[DATASET EXCERPTS Boundary: Start]

(* The exact sequence \[0\to\mathbb Z\to\mathbb Z[\tfrac12]\to\mathbb Z(2^\infty)\to0\] (inclusion followed by the quotient map $\mathbb Z[\tfrac12]\to\mathbb Z[\tfrac12]/\mathbb Z=\mathbb Z(2^\infty)$) is coarsely split. Moreover, the metric $d_{\mathbb Z}$ in the definition of coarse splitting can be chosen to be the standard word metric $d_{\mathbb Z}(a,b)=|a-b|$.
   Context: $\mathbb Z[\tfrac12]=\{m/2^k:m\in\mathbb Z,k\ge0\}$; $\mathbb Z(2^\infty)=\varinjlim(\mathbb Z_2\to\mathbb Z_4\to\cdots)\cong\mathbb Z[\tfrac12]/\mathbb Z$. A proper left invariant metric is $d(g,h)=\|g^{-1}h\|$ for a proper norm ($\|g\|=0$ iff $g$ trivial, symmetric, subadditive, finite balls). An exact sequence $0\to K\overset{i}{\to}G\overset{\pi}{\to}Q\to0$ is coarsely split if there are proper left invariant metrics $d_K,d_G,d_Q$ and a coarse equivalence $f:(G,d_G)\to(K\oplus Q,d_K\oplus d_Q)$ ($\ell_1$ sum metric) with $f\circ i$ at bounded distance from $k\mapsto(k,0)$ and $\pi'\circ f$ at bounded distance from $\pi$, $\pi'$ the projection onto $Q$. Coarse maps: for each $\delta$ there is $\epsilon$ with $d(x,y)\le\delta\Rightarrow d(f x,f y)\le\epsilon$; coarse equivalences are coarse maps with coarse inverses up to bounded distance. *)

theory Defs
  imports Main "HOL.Real"
begin

definition dyadic :: "rat set" where
  "dyadic = {of_int m / 2 ^ k | m k. True}"

text \<open>Z(2^infinity) = Z[1/2]/Z, represented by the coset representatives in [0,1),
  with addition modulo 1; the quotient map Z[1/2] -> Z[1/2]/Z is frac.\<close>
definition pruefer2 :: "rat set" where
  "pruefer2 = frac ` dyadic"

definition padd :: "rat \<Rightarrow> rat \<Rightarrow> rat" where
  "padd x y = frac (x + y)"

definition pneg :: "rat \<Rightarrow> rat" where
  "pneg x = frac (- x)"

definition proper_norm ::
  "'a set \<Rightarrow> ('a \<Rightarrow> 'a \<Rightarrow> 'a) \<Rightarrow> ('a \<Rightarrow> 'a) \<Rightarrow> 'a \<Rightarrow> ('a \<Rightarrow> real) \<Rightarrow> bool" where
  "proper_norm S pl ng z n \<longleftrightarrow>
     (\<forall>g\<in>S. n g = 0 \<longleftrightarrow> g = z) \<and>
     (\<forall>g\<in>S. n (ng g) = n g) \<and>
     (\<forall>g\<in>S. \<forall>h\<in>S. n (pl g h) \<le> n g + n h) \<and>
     (\<forall>r::real. finite {g\<in>S. n g \<le> r})"

definition norm_metric ::
  "('a \<Rightarrow> 'a \<Rightarrow> 'a) \<Rightarrow> ('a \<Rightarrow> 'a) \<Rightarrow> ('a \<Rightarrow> real) \<Rightarrow> 'a \<Rightarrow> 'a \<Rightarrow> real" where
  "norm_metric pl ng n g h = n (pl (ng g) h)"

definition coarse_map ::
  "'a set \<Rightarrow> ('a \<Rightarrow> 'a \<Rightarrow> real) \<Rightarrow> 'b set \<Rightarrow> ('b \<Rightarrow> 'b \<Rightarrow> real) \<Rightarrow> ('a \<Rightarrow> 'b) \<Rightarrow> bool" where
  "coarse_map X dX Y dY f \<longleftrightarrow>
     (\<forall>x\<in>X. f x \<in> Y) \<and>
     (\<forall>\<delta>. \<exists>\<epsilon>. \<forall>x\<in>X. \<forall>y\<in>X. dX x y \<le> \<delta> \<longrightarrow> dY (f x) (f y) \<le> \<epsilon>)"

definition bounded_distance ::
  "'a set \<Rightarrow> ('b \<Rightarrow> 'b \<Rightarrow> real) \<Rightarrow> ('a \<Rightarrow> 'b) \<Rightarrow> ('a \<Rightarrow> 'b) \<Rightarrow> bool" where
  "bounded_distance X dY f g \<longleftrightarrow> (\<exists>C. \<forall>x\<in>X. dY (f x) (g x) \<le> C)"

definition coarse_equivalence ::
  "'a set \<Rightarrow> ('a \<Rightarrow> 'a \<Rightarrow> real) \<Rightarrow> 'b set \<Rightarrow> ('b \<Rightarrow> 'b \<Rightarrow> real) \<Rightarrow> ('a \<Rightarrow> 'b) \<Rightarrow> bool" where
  "coarse_equivalence X dX Y dY f \<longleftrightarrow>
     coarse_map X dX Y dY f \<and>
     (\<exists>g. coarse_map Y dY X dX g \<and>
          bounded_distance X dX (g \<circ> f) id \<and>
          bounded_distance Y dY (f \<circ> g) id)"

text \<open>K = int (all of it), G = dyadic with +, Q = pruefer2 with padd;
  i = of_int, pi = frac.  The l1 sum metric on K x Q.\<close>
definition coarsely_split_with :: "(int \<Rightarrow> real) \<Rightarrow> bool" where
  "coarsely_split_with nK \<longleftrightarrow>
     proper_norm UNIV (+) uminus 0 nK \<and>
     (\<exists>nG nQ (f :: rat \<Rightarrow> int \<times> rat).
        proper_norm dyadic (+) uminus 0 nG \<and>
        proper_norm pruefer2 padd pneg 0 nQ \<and>
        (let dK = norm_metric (+) uminus nK;
             dG = norm_metric (+) uminus nG;
             dQ = norm_metric padd pneg nQ;
             dKQ = (\<lambda>(a, p) (b, q). dK a b + dQ p q)
         in coarse_equivalence dyadic dG (UNIV \<times> pruefer2) dKQ f \<and>
            bounded_distance UNIV dKQ (\<lambda>k. f (of_int k)) (\<lambda>k. (k, 0)) \<and>
            bounded_distance dyadic dQ (\<lambda>x. snd (f x)) frac))"

definition coarsely_split :: bool where
  "coarsely_split \<longleftrightarrow> (\<exists>nK. coarsely_split_with nK)"

end

theory Submission
  imports Defs
begin

text \<open>Every dyadic x splits as \<open>\<lfloor>x\<rfloor> + frac x\<close>, and \<open>x \<mapsto> (\<lfloor>x\<rfloor>, frac x)\<close> is a bijection
  \<open>\<int>[1/2] \<rightarrow> \<int> \<times> \<int>(2\<^sup>\<infinity>)\<close> with inverse \<open>(a, p) \<mapsto> a + p\<close>. On \<open>\<int>(2\<^sup>\<infinity>)\<close> take as norm the exponent
  of the denominator of p; on \<open>\<int>[1/2]\<close> take \<open>|x|\<close> plus that exponent. Both are proper, since
  a bound on the exponent and on the absolute value leaves only finitely many dyadics. Since
  the floor and the integer shift in the inverse move distances by at most 1 while the
  exponent ignores integer shifts, both maps change distances by at most an additive constant,
  so they are mutually inverse coarse equivalences.\<close>

lemma coarse_map_if_dist_le:
  assumes "\<forall>x\<in>X. f x \<in> Y"
    and "\<And>x y. x \<in> X \<Longrightarrow> y \<in> X \<Longrightarrow> dY (f x) (f y) \<le> dX x y + C"
  shows "coarse_map X dX Y dY f"
  unfolding coarse_map_def
proof (intro conjI assms(1) allI)
  fix \<delta> :: real
  show "\<exists>\<epsilon>. \<forall>x\<in>X. \<forall>y\<in>X. dX x y \<le> \<delta> \<longrightarrow> dY (f x) (f y) \<le> \<epsilon>"
    using assms(2) by (intro exI[of _ "\<delta> + C"]) force
qed

lemma coarse_equivalence_if_inverse:
  assumes "coarse_map X dX Y dY f" and "coarse_map Y dY X dX g"
    and "\<And>x. x \<in> X \<Longrightarrow> g (f x) = x" and "\<And>y. y \<in> Y \<Longrightarrow> f (g y) = y"
    and "\<And>x. x \<in> X \<Longrightarrow> dX x x = 0" and "\<And>y. y \<in> Y \<Longrightarrow> dY y y = 0"
  shows "coarse_equivalence X dX Y dY f"
  unfolding coarse_equivalence_def bounded_distance_def
  using assms by (intro conjI exI[of _ g] exI[of _ 0]) auto

(* On non-dyadic rationals the LEAST below ranges over an empty set; only values on dyadic matter. *)
definition denom_exp :: "rat \<Rightarrow> nat" where
  "denom_exp p = (LEAST k. p * 2 ^ k \<in> \<int>)"

lemma dyadic_iff_ex_mult_pow2: "p \<in> dyadic \<longleftrightarrow> (\<exists>k::nat. p * 2 ^ k \<in> \<int>)"
proof
  assume "p \<in> dyadic"
  then obtain m k where "p = of_int m / 2 ^ k" unfolding dyadic_def by auto
  then have "p * 2 ^ k = of_int m" by simp
  then show "\<exists>k::nat. p * 2 ^ k \<in> \<int>" by (metis Ints_of_int)
next
  assume "\<exists>k::nat. p * 2 ^ k \<in> \<int>"
  then obtain k m where "p * 2 ^ k = of_int m" by (auto elim: Ints_cases)
  then have "p = of_int m / 2 ^ k" by (simp add: field_simps)
  then show "p \<in> dyadic" unfolding dyadic_def by auto
qed

lemma mult_pow2_Ints_mono:
  assumes "p * 2 ^ a \<in> \<int>" and "a \<le> b"
  shows "(p::rat) * 2 ^ b \<in> \<int>"
proof -
  have "p * 2 ^ b = (p * 2 ^ a) * of_int (2 ^ (b - a))"
    using assms(2) by (simp add: power_add[symmetric])
  then show ?thesis using assms(1) Ints_mult Ints_of_int by metis
qed

lemma mult_pow2_denom_exp_Ints: "p \<in> dyadic \<Longrightarrow> p * 2 ^ denom_exp p \<in> \<int>"
  unfolding dyadic_iff_ex_mult_pow2 denom_exp_def by (auto intro: LeastI_ex)

lemma denom_exp_le_iff: "p \<in> dyadic \<Longrightarrow> denom_exp p \<le> n \<longleftrightarrow> p * 2 ^ n \<in> \<int>"
  using mult_pow2_denom_exp_Ints mult_pow2_Ints_mono Least_le[of "\<lambda>k. p * 2 ^ k \<in> \<int>"]
  unfolding denom_exp_def by blast

lemma denom_exp_eq_0_iff: "p \<in> dyadic \<Longrightarrow> denom_exp p = 0 \<longleftrightarrow> p \<in> \<int>"
  using denom_exp_le_iff[of p 0] by simp

lemma denom_exp_add_of_int [simp]: "denom_exp (p + of_int n) = denom_exp p"
proof -
  have "(p + of_int n) * 2 ^ k \<in> \<int> \<longleftrightarrow> p * 2 ^ k \<in> \<int>" for k :: nat
  proof -
    have "(p + of_int n) * 2 ^ k = p * 2 ^ k + of_int (n * 2 ^ k)"
      by (simp add: algebra_simps)
    then show ?thesis by (metis Ints_add Ints_diff Ints_of_int add_diff_cancel_right')
  qed
  then show ?thesis unfolding denom_exp_def by presburger
qed

lemma denom_exp_uminus [simp]: "denom_exp (- p) = denom_exp p"
proof -
  have "(- p) * 2 ^ k \<in> \<int> \<longleftrightarrow> p * 2 ^ k \<in> \<int>" for k :: nat
    by (metis Ints_minus minus_minus mult_minus_left)
  then show ?thesis unfolding denom_exp_def by presburger
qed

lemma denom_exp_frac [simp]: "denom_exp (frac p) = denom_exp p"
  using denom_exp_add_of_int[of p "- \<lfloor>p\<rfloor>"] by (simp add: frac_def)

lemma denom_exp_of_int [simp]: "denom_exp (of_int n) = 0"
  using denom_exp_eq_0_iff[of "of_int n"] dyadic_iff_ex_mult_pow2 by fastforce

lemma denom_exp_0 [simp]: "denom_exp 0 = 0"
  using denom_exp_of_int[of 0] by simp

lemma denom_exp_add_le:
  assumes "p \<in> dyadic" and "q \<in> dyadic"
  shows "denom_exp (p + q) \<le> denom_exp p + denom_exp q"
proof -
  have "p * 2 ^ (denom_exp p + denom_exp q) \<in> \<int>" "q * 2 ^ (denom_exp p + denom_exp q) \<in> \<int>"
    using assms mult_pow2_denom_exp_Ints mult_pow2_Ints_mono le_add1 le_add2 by blast+
  then have "(p + q) * 2 ^ (denom_exp p + denom_exp q) \<in> \<int>"
    by (simp add: distrib_right)
  then show ?thesis unfolding denom_exp_def by (rule Least_le)
qed

lemma denom_exp_diff_shift:
  "denom_exp ((of_int b + q) - (of_int a + p)) = denom_exp (q - p)"
  using denom_exp_add_of_int[of "q - p" "b - a"] by (simp add: algebra_simps)

lemma denom_exp_frac_diff: "denom_exp (frac y - frac x) = denom_exp (y - x)"
  using denom_exp_add_of_int[of "y - x" "\<lfloor>x\<rfloor> - \<lfloor>y\<rfloor>"] by (simp add: frac_def algebra_simps)

lemma dyadic_add: "p \<in> dyadic \<Longrightarrow> q \<in> dyadic \<Longrightarrow> p + q \<in> dyadic"
  using mult_pow2_denom_exp_Ints mult_pow2_Ints_mono[OF _ le_add1] mult_pow2_Ints_mono[OF _ le_add2]
  by (metis Ints_add distrib_right dyadic_iff_ex_mult_pow2)

lemma dyadic_of_int: "of_int n \<in> dyadic"
  unfolding dyadic_iff_ex_mult_pow2 by (rule exI[of _ 0]) simp

lemma pruefer2_subset_dyadic: "pruefer2 \<subseteq> dyadic"
proof
  fix p assume "p \<in> pruefer2"
  then obtain x where "x \<in> dyadic" "p = x + of_int (- \<lfloor>x\<rfloor>)"
    unfolding pruefer2_def frac_def by auto
  then show "p \<in> dyadic" using dyadic_add dyadic_of_int by blast
qed

lemma pruefer2_bounds: "p \<in> pruefer2 \<Longrightarrow> 0 \<le> p \<and> p < 1"
  unfolding pruefer2_def by (auto simp: frac_lt_1)

lemma floor_pruefer2: "p \<in> pruefer2 \<Longrightarrow> \<lfloor>p\<rfloor> = 0"
  using pruefer2_bounds by (simp add: floor_eq_iff)

lemma finite_bounded_mult_pow2_Ints: "finite {z::rat. z * 2 ^ n \<in> \<int> \<and> \<bar>z\<bar> \<le> R}"
proof -
  define M where "M = \<lceil>R * 2 ^ n\<rceil>"
  have "{z::rat. z * 2 ^ n \<in> \<int> \<and> \<bar>z\<bar> \<le> R} \<subseteq> (\<lambda>m. of_int m / 2 ^ n) ` {-M..M}"
  proof
    fix z :: rat assume "z \<in> {z. z * 2 ^ n \<in> \<int> \<and> \<bar>z\<bar> \<le> R}"
    then obtain m where m: "z * 2 ^ n = of_int m" and "\<bar>z\<bar> \<le> R" by (auto elim: Ints_cases)
    have "of_int \<bar>m\<bar> = \<bar>z\<bar> * 2 ^ n" using m by (metis abs_mult power_abs abs_numeral of_int_abs)
    also have "\<dots> \<le> R * 2 ^ n" using \<open>\<bar>z\<bar> \<le> R\<close> by simp
    finally have "of_int \<bar>m\<bar> \<le> R * 2 ^ n" .
    then have "\<bar>m\<bar> \<le> M" unfolding M_def by linarith
    moreover have "z = of_int m / 2 ^ n" using m by (simp add: field_simps)
    ultimately show "z \<in> (\<lambda>m. of_int m / 2 ^ n) ` {-M..M}" by (auto simp: abs_le_iff)
  qed
  then show ?thesis by (rule finite_subset) simp
qed

lemma finite_dyadic_bounded:
  "finite {z \<in> dyadic. real_of_rat \<bar>z\<bar> \<le> r \<and> real (denom_exp z) \<le> r}"
proof (rule finite_subset)
  show "finite {z::rat. z * 2 ^ nat \<lceil>r\<rceil> \<in> \<int> \<and> \<bar>z\<bar> \<le> of_int \<lceil>r\<rceil>}"
    by (rule finite_bounded_mult_pow2_Ints)
  show "{z \<in> dyadic. real_of_rat \<bar>z\<bar> \<le> r \<and> real (denom_exp z) \<le> r}
      \<subseteq> {z. z * 2 ^ nat \<lceil>r\<rceil> \<in> \<int> \<and> \<bar>z\<bar> \<le> of_int \<lceil>r\<rceil>}"
  proof (intro subsetI CollectI conjI)
    fix z assume z: "z \<in> {z \<in> dyadic. real_of_rat \<bar>z\<bar> \<le> r \<and> real (denom_exp z) \<le> r}"
    then have "denom_exp z \<le> nat \<lceil>r\<rceil>" by simp linarith
    with z show "z * 2 ^ nat \<lceil>r\<rceil> \<in> \<int>" using denom_exp_le_iff by blast
    have "real_of_rat \<bar>z\<bar> \<le> real_of_rat (of_int \<lceil>r\<rceil>)" using z by simp linarith
    then show "\<bar>z\<bar> \<le> of_int \<lceil>r\<rceil>" by (simp only: of_rat_less_eq)
  qed
qed

definition dyadic_norm :: "rat \<Rightarrow> real" where
  "dyadic_norm x = real_of_rat \<bar>x\<bar> + real (denom_exp x)"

[DATASET EXCERPTS Boundary: End]

TRY IT>
All lines of the records above that carry the word "obtain" should be listed.

RESPONSE TO THE EXERCISE>
  then obtain m k where "p = of_int m / 2 ^ k" unfolding dyadic_def by auto
  then obtain k m where "p * 2 ^ k = of_int m" by (auto elim: Ints_cases)
  then obtain x where "x \<in> dyadic" "p = x + of_int (- \<lfloor>x\<rfloor>)"
    then obtain m where m: "z * 2 ^ n = of_int m" and "\<bar>z\<bar> \<le> R" by (auto elim: Ints_cases)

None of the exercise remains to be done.